GIVEN RECORDS below:

(* Let $\bar x=1/x$ and let $Y=Y(t;x)$ be the unique formal power series in $t$ (with coefficients in $\mathbb{Q}[x,\bar x]$) satisfying $$Y=t(1+\bar x)(1+Y)(x+Y).$$ Let $$R(x,Y)=Y(x+1-\bar x^{5}-\bar x^{6})+Y^2(\bar x^{5}-\bar x)+Y^3(\bar x^{3}+\bar x^{6}-\bar x-\bar x^{4})+Y^4(\bar x^{3}-\bar x^{5}).$$ Then the series $E(u,v)$ defined below satisfies $$E(1+x,1+x)=\mathop{\mathrm{PT}}_{x}R(x,Y),$$ where $\mathop{\mathrm{PT}}_x$ extracts the non-negative powers of $x$ in a series of $\mathbb{Q}[x,\bar x][[t]]$.
   Context: $\mathbf{I}_n(\geq,\geq,-)$ is the set of inversion sequences $e=(e_1,\ldots,e_n)$ ($0\leq e_i<i$) with no $i<j<k$ such that $e_i\geq e_j\geq e_k$. An entry $e_i$ is a left-to-right maximum if $e_i>e_j$ for all $j<i$. Let $\alpha(e)=\max_i e_i$ and $\beta(e)$ the largest element of $\{e_i: e_i\text{ not a left-to-right maximum}\}\cup\{-1\}$; the parameters of $e$ are $(p,q)=(\alpha(e)-\beta(e),\,n-\alpha(e))$. Define $E(u,v)=\sum_{n\geq1}\sum_{e\in\mathbf{I}_n(\geq,\geq,-)}u^{p(e)}v^{q(e)}t^n$, where $(p(e),q(e))$ are the parameters of $e$; it is the series solution of $\bigl(1+\frac{tv}{1-u}+\frac{tv}{1-v/u}\bigr)E(u,v)=tuv+\frac{tv}{1-u}E(1,v)+\frac{tv}{1-v/u}E(u,u)$. *)

theory Defs
  imports "HOL-Computational_Algebra.Formal_Laurent_Series"
begin

text \<open>An inversion sequence e = (e_1,...,e_n) with 0 <= e_i < i is represented by a
  list of length n, 0-indexed: e ! i stands for e_(i+1), so the condition is e ! i <= i.\<close>

definition inv_seq :: "nat \<Rightarrow> nat list set" where
  "inv_seq n = {e. length e = n \<and> (\<forall>i<n. e ! i \<le> i)}"
(* Let $q'>0$, $e'\in(0,1)$, $q_{\max}>0$, $\mathcal D_3=\{(\omega,\omega'):0\le\omega\le\pi/2,\ 0\le\omega'\le\pi\}$, $\mathcal D_4=\{(q,e):0<q\le q_{\max},\ 0\le e\le1\}$. For each $(q,e)\in\mathcal D_4$, $$\min_{(\omega,\omega')\in\mathcal D_3}\delta_{\rm nod}=\max\{0,\ \ell^e_{\rm int},\ \ell^e_{\rm ext}\},\qquad \max_{(\omega,\omega')\in\mathcal D_3}\delta_{\rm nod}=\max\{u^e_{\rm link},\ |p'-q(1+e)|\},$$ where $\ell^e_{\rm int}(q,e)=q'-\frac{q(1+e)}{1-e}$ (with $\ell^e_{\rm int}(q,1)=-\infty$), $\ell^e_{\rm ext}(q,e)=q-Q'$, and $u^e_{\rm link}(q,e)=\min\{\frac{q(1+e)}{1-e}-q',\ Q'-q\}$ (with $u^e_{\rm link}(q,1)=Q'-q$).
   Context: For $q>0$, $e\in[0,1]$ and angles $\omega,\omega'$, define $r_{\pm}=\frac{q(1+e)}{1\pm e\cos\omega}$, $r'_{\pm}=\frac{q'(1+e')}{1\pm e'\cos\omega'}$ (extended-real values allowed), $d^+=r'_+-r_+$, $d^-=r'_--r_-$, and the nodal distance $\delta_{\rm nod}=\min\{|d^+|,|d^-|\}$. $p'=q'(1+e')$, $Q'=\frac{q'(1+e')}{1-e'}$. *)

theory Defs
  imports "HOL-Library.Extended_Real" Complex_Main
begin

text \<open>Radial distances at the nodes, r_plus = q(1+e)/(1 + e cos w), r_minus = q(1+e)/(1 - e cos w),
  as extended reals: a vanishing denominator (only possible for e = 1) gives +infinity.\<close>
definition r_plus :: "real \<Rightarrow> real \<Rightarrow> real \<Rightarrow> ereal" where
  "r_plus q e w = (if 1 + e * cos w = 0 then \<infinity> else ereal (q * (1 + e) / (1 + e * cos w)))"

definition r_minus :: "real \<Rightarrow> real \<Rightarrow> real \<Rightarrow> ereal" where
  "r_minus q e w = (if 1 - e * cos w = 0 then \<infinity> else ereal (q * (1 + e) / (1 - e * cos w)))"

definition d_plus :: "real \<Rightarrow> real \<Rightarrow> real \<Rightarrow> real \<Rightarrow> real \<Rightarrow> real \<Rightarrow> ereal" where
  "d_plus q e w q' e' w' = r_plus q' e' w' - r_plus q e w"

definition d_minus :: "real \<Rightarrow> real \<Rightarrow> real \<Rightarrow> real \<Rightarrow> real \<Rightarrow> real \<Rightarrow> ereal" where
  "d_minus q e w q' e' w' = r_minus q' e' w' - r_minus q e w"

definition delta_nod :: "real \<Rightarrow> real \<Rightarrow> real \<Rightarrow> real \<Rightarrow> real \<Rightarrow> real \<Rightarrow> ereal" where
  "delta_nod q e w q' e' w' = min \<bar>d_plus q e w q' e' w'\<bar> \<bar>d_minus q e w q' e' w'\<bar>"
(* Let $d$ be a positive integer and $n \leq d$ a positive integer. Let $G$ be a graph on $d+2$ vertices whose adjacency matrix $A_G$ has eigenvalues $\lambda_1 \geq \lambda_2 \geq \dots \geq \lambda_{d+2}$. If $G$ has a spherical representation in $\mathbb{R}^d$, then $G$ is (spherically) representable in $\mathbb{R}^n$ if and only if the multiplicity of $\lambda_2$ as an eigenvalue of $A_G$ (excluding $\lambda_1$, i.e. counted one less, if $\lambda_1 = \lambda_2$) is at least $d+1-n$.
   Context: Graphs are finite and simple; $A_G$ is the adjacency matrix and its eigenvalues are listed with multiplicity. A finite set $S \subset \mathbb{R}^m$ is a 2-distance set if the set $\{\|p-q\| : p,q \in S, p \neq q\}$ has exactly two elements $\alpha_1 > \alpha_2$; its distance ratio is $k = \alpha_1/\alpha_2$. The associated graph of $S$ has vertex set $S$, with $p,q$ adjacent iff $\|p-q\| = \alpha_1$. A graph $G$ is representable in $\mathbb{R}^m$ if there is a 2-distance set in $\mathbb{R}^m$ whose associated graph is $G$; it has a spherical representation (is spherically representable) in $\mathbb{R}^m$ if such a set can be chosen with all its points on an $(m-1)$-dimensional sphere in $\mathbb{R}^m$. *)

theory Defs
  imports Complex_Main "Jordan_Normal_Form.Char_Poly"
begin

definition simple_graph :: "nat \<Rightarrow> (nat \<Rightarrow> nat \<Rightarrow> bool) \<Rightarrow> bool" where
  "simple_graph N E \<longleftrightarrow> (\<forall>i<N. \<forall>j<N. E i j \<longrightarrow> E j i) \<and> (\<forall>i<N. \<not> E i i)"

definition adj_matrix :: "nat \<Rightarrow> (nat \<Rightarrow> nat \<Rightarrow> bool) \<Rightarrow> real mat" where
  "adj_matrix N E = mat N N (\<lambda>(i, j). if E i j then 1 else 0)"

(* Points of R^m are functions nat => real vanishing at coordinates >= m. *)
definition in_Rm :: "nat \<Rightarrow> (nat \<Rightarrow> real) \<Rightarrow> bool" where
  "in_Rm m x \<longleftrightarrow> (\<forall>k\<ge>m. x k = 0)"

definition edist :: "nat \<Rightarrow> (nat \<Rightarrow> real) \<Rightarrow> (nat \<Rightarrow> real) \<Rightarrow> real" where
  "edist m x y = sqrt (\<Sum>k<m. (x k - y k)^2)"

definition two_dist_rep :: "nat \<Rightarrow> nat \<Rightarrow> (nat \<Rightarrow> nat \<Rightarrow> bool) \<Rightarrow> (nat \<Rightarrow> nat \<Rightarrow> real) \<Rightarrow> bool" where
  "two_dist_rep m N E p \<longleftrightarrow>
     inj_on p {..<N} \<and> (\<forall>i<N. in_Rm m (p i)) \<and>
     (\<exists>a1 a2. a1 > a2 \<and>
        {edist m (p i) (p j) | i j. i < N \<and> j < N \<and> i \<noteq> j} = {a1, a2} \<and>
        (\<forall>i<N. \<forall>j<N. i \<noteq> j \<longrightarrow> (E i j \<longleftrightarrow> edist m (p i) (p j) = a1)))"

definition representable :: "nat \<Rightarrow> nat \<Rightarrow> (nat \<Rightarrow> nat \<Rightarrow> bool) \<Rightarrow> bool" where
  "representable m N E \<longleftrightarrow> (\<exists>p. two_dist_rep m N E p)"

definition spherically_representable :: "nat \<Rightarrow> nat \<Rightarrow> (nat \<Rightarrow> nat \<Rightarrow> bool) \<Rightarrow> bool" where
  "spherically_representable m N E \<longleftrightarrow>
     (\<exists>p c r. two_dist_rep m N E p \<and> in_Rm m c \<and> r > 0 \<and> (\<forall>i<N. edist m (p i) c = r))"

end

theory Submission
  imports Defs "Jordan_Normal_Form.Jordan_Normal_Form_Existence"
    "Jordan_Normal_Form.Jordan_Normal_Form_Uniqueness"
begin

text \<open>Let \<open>p\<^sub>0, \<dots>, p\<^sub>N\<^sub>-\<^sub>1\<close> (\<open>N = d + 2\<close>) be a spherical two-distance representation of \<open>G\<close>
  with centre \<open>c\<close>. Its Gram matrix \<open>\<langle>p\<^sub>i - c, p\<^sub>j - c\<rangle>\<close> equals \<open>\<kappa> (\<theta> I - A + s J)\<close> for
  constants \<open>\<kappa> > 0\<close>, \<open>\<theta>\<close>, \<open>s\<close> determined by the two distances and the radius. So this
  form is positive semidefinite, and on vectors with zero sum its kernel consists of the
  \<open>\<theta>\<close>-eigenvectors of \<open>A\<close>, which are exactly the affine dependencies of the points. As
  \<open>N\<close> points of \<open>\<real>\<^sup>d\<close> are affinely dependent, \<open>\<theta>\<close> is an eigenvalue; comparing Rayleigh
  quotients and a Perron-Frobenius argument show \<open>\<theta> = \<lambda>\<^sub>2\<close> and that the zero-sum
  \<open>\<theta>\<close>-eigenvectors form a space of dimension \<open>mult(\<lambda>\<^sub>2)\<close>, not counting \<open>\<lambda>\<^sub>1\<close>. Hence the
  affine hull of the points has dimension \<open>N - 1 - mult(\<lambda>\<^sub>2)\<close>, and projecting the centre onto
  it gives a spherical representation in \<open>\<real>\<^sup>n\<close> as soon as \<open>mult(\<lambda>\<^sub>2) \<ge> d + 1 - n\<close>.

  Conversely, a two-distance representation \<open>q\<close> in \<open>\<real>\<^sup>n\<close> satisfies
  \<open>|\<Sum> x\<^sub>i q\<^sub>i|\<^sup>2 = \<kappa>' (\<theta>' |x|\<^sup>2 - x \<bullet> A x)\<close> whenever \<open>\<Sum> x\<^sub>i = 0\<close>. Comparing maxima of the
  Rayleigh quotient gives \<open>\<theta>' = \<theta>\<close>, so the at least \<open>N - 1 - n\<close> independent affine
  dependencies of \<open>q\<close> are zero-sum \<open>\<lambda>\<^sub>2\<close>-eigenvectors.\<close>

definition dot :: "nat \<Rightarrow> (nat \<Rightarrow> real) \<Rightarrow> (nat \<Rightarrow> real) \<Rightarrow> real" where
  "dot m x y = (\<Sum>k<m. x k * y k)"
lemma jbr_powr_le_shift:
  assumes "\<bar>x - c\<bar> \<le> 2"
  shows "jbr x powr p \<le> 3 powr \<bar>p\<bar> * jbr c powr p"
proof -
  have u: "jbr x \<le> 3 * jbr c" and l: "jbr c \<le> 3 * jbr x"
    using assms by (auto simp: jbr_def)
  have px: "0 < jbr x" and pc: "0 < jbr c" by (rule jbr_pos)+
  show ?thesis
  proof (cases "p \<ge> 0")
    case True
    have "jbr x powr p \<le> (3 * jbr c) powr p" by (intro powr_mono2 True u) (use px in auto)
    also have "\<dots> = 3 powr \<bar>p\<bar> * jbr c powr p" using True pc by (simp add: powr_mult)
    finally show ?thesis .
  next
    case False
    have "(jbr c / 3) powr (-p) \<le> jbr x powr (-p)" by (intro powr_mono2) (use False pc l in auto)
    then have "inverse (jbr x powr (-p)) \<le> inverse ((jbr c / 3) powr (-p))"
      using pc by (intro le_imp_inverse_le) auto
    also have "inverse ((jbr c / 3) powr (-p)) = 3 powr \<bar>p\<bar> * jbr c powr p"
      using False pc by (simp add: powr_divide powr_minus divide_simps)
    finally show ?thesis using px by (simp add: powr_minus)
  qed
qed

lemma jbr_powr_ge_shift:
  assumes "\<bar>x - c\<bar> \<le> 2"
  shows "3 powr (- \<bar>p\<bar>) * jbr c powr p \<le> jbr x powr p"
  using jbr_powr_le_shift[of c x p] assms by (simp add: powr_minus field_simps)

lemma nn_integral_indicator_Icc:
  fixes V c d :: real
  assumes "0 \<le> V" "c \<le> d"
  shows "(\<integral>\<^sup>+\<tau>. ennreal (V * indicator {c..d} \<tau>) \<partial>lborel) = ennreal (V * (d - c))"
proof -
  have "(\<integral>\<^sup>+\<tau>. ennreal (V * indicator {c..d} \<tau>) \<partial>lborel) = (\<integral>\<^sup>+\<tau>. ennreal V * indicator {c..d} \<tau> \<partial>lborel)"
    by (intro nn_integral_cong) (auto simp: indicator_def)
  also have "\<dots> = ennreal (V * (d - c))"
    using assms by (simp add: nn_integral_cmult_indicator ennreal_mult)
  finally show ?thesis .
qed
lemma spectrally_generic_orthogonal_diagonalization:
  fixes B :: "complex mat"
  assumes B: "B \<in> carrier_mat n n" and sym: "\<And>i j. i < n \<Longrightarrow> j < n \<Longrightarrow> B $$ (i,j) = B $$ (j,i)"
    and gen: "spectrally_generic B"
  obtains P lam where "orthogonal_fun n P" "\<And>l. l < n \<Longrightarrow> P l 0 \<noteq> 0"
    "\<And>i j. i < n \<Longrightarrow> j < n \<Longrightarrow> B $$ (i,j) = spectral_sum n lam P i j"
proof -
  have card: "card {a. eigenvalue B a} = n"
    and minor: "\<And>a. eigenvalue B a \<Longrightarrow> \<not> eigenvalue (mat_delete B 0 0) a"
    using gen spectrally_generic_iff[OF B] by auto
  obtain lam V where inj: "inj_on lam {..<n}" and ev: "\<And>l. l < n \<Longrightarrow> eigenvalue B (lam l)"
    and V: "\<And>l i. l < n \<Longrightarrow> i < n \<Longrightarrow> (\<Sum>j<n. B $$ (i,j) * V l j) = lam l * V l i"
    and nonzero: "\<And>l. l < n \<Longrightarrow> \<exists>i<n. V l i \<noteq> 0"
    using simple_spectrum_eigenvectors[OF B card] by blast
  have nonisotropic: "(\<Sum>i<n. V l i * V l i) \<noteq> 0" if "l < n" for l
    by (rule symmetric_eigenvectors_nonisotropic[of n "\<lambda>i j. B $$ (i,j)" V lam])
      (use sym V nonzero inj that in auto)
  have "orthogonal_fun n (\<lambda>l i. V l i / csqrt (\<Sum>k<n. V l k * V l k))" (is "orthogonal_fun n ?P")
  proof (rule orthogonal_fun_normalize[OF _ nonisotropic])
    fix l m assume "l < n" "m < n" "l \<noteq> m"
    moreover from this have "lam l \<noteq> lam m" using inj_onD[OF inj] by blast
    ultimately show "(\<Sum>i<n. V l i * V m i) = 0"
      using symmetric_eigenvectors_orthogonal[of n "\<lambda>i j. B $$ (i,j)" "V l" "lam l" "V m" "lam m"]
        sym V by simp
  qed
  moreover have eigP: "(\<Sum>k<n. B $$ (i,k) * ?P l k) = lam l * ?P l i" if "l < n" "i < n" for l i
    using V[OF that] by (simp add: sum_divide_distrib[symmetric] mult.assoc)
  moreover have "?P l 0 \<noteq> 0" if l: "l < n" for l
  proof
    assume "?P l 0 = 0"
    then have "V l 0 = 0" using nonisotropic[OF l] by simp
    then have "eigenvalue (mat_delete B 0 0) (lam l)"
      unfolding minor_eigenvalue_iff[OF B] using V[OF l] nonzero[OF l] by (intro exI[of _ "V l"]) simp
    with minor ev l show False by blast
  qed
  ultimately show thesis
    using eigenbasis_spectral_sum[of n ?P "\<lambda>i j. B $$ (i,j)" lam] by (intro that) auto
qed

End of GIVEN RECORDS.

● **WHAT IS REQUIRED**
Reproduce exactly the entries above, limited to the lines from the one with "text \<open>An inversion" through the one with "For each $(q,e)\in\mathcal", both included.

● **REPLY TO THE EXERCISE**
text \<open>An inversion sequence e = (e_1,...,e_n) with 0 <= e_i < i is represented by a
  list of length n, 0-indexed: e ! i stands for e_(i+1), so the condition is e ! i <= i.\<close>

definition inv_seq :: "nat \<Rightarrow> nat list set" where
  "inv_seq n = {e. length e = n \<and> (\<forall>i<n. e ! i \<le> i)}"
(* Let $q'>0$, $e'\in(0,1)$, $q_{\max}>0$, $\mathcal D_3=\{(\omega,\omega'):0\le\omega\le\pi/2,\ 0\le\omega'\le\pi\}$, $\mathcal D_4=\{(q,e):0<q\le q_{\max},\ 0\le e\le1\}$. For each $(q,e)\in\mathcal D_4$, $$\min_{(\omega,\omega')\in\mathcal D_3}\delta_{\rm nod}=\max\{0,\ \ell^e_{\rm int},\ \ell^e_{\rm ext}\},\qquad \max_{(\omega,\omega')\in\mathcal D_3}\delta_{\rm nod}=\max\{u^e_{\rm link},\ |p'-q(1+e)|\},$$ where $\ell^e_{\rm int}(q,e)=q'-\frac{q(1+e)}{1-e}$ (with $\ell^e_{\rm int}(q,1)=-\infty$), $\ell^e_{\rm ext}(q,e)=q-Q'$, and $u^e_{\rm link}(q,e)=\min\{\frac{q(1+e)}{1-e}-q',\ Q'-q\}$ (with $u^e_{\rm link}(q,1)=Q'-q$).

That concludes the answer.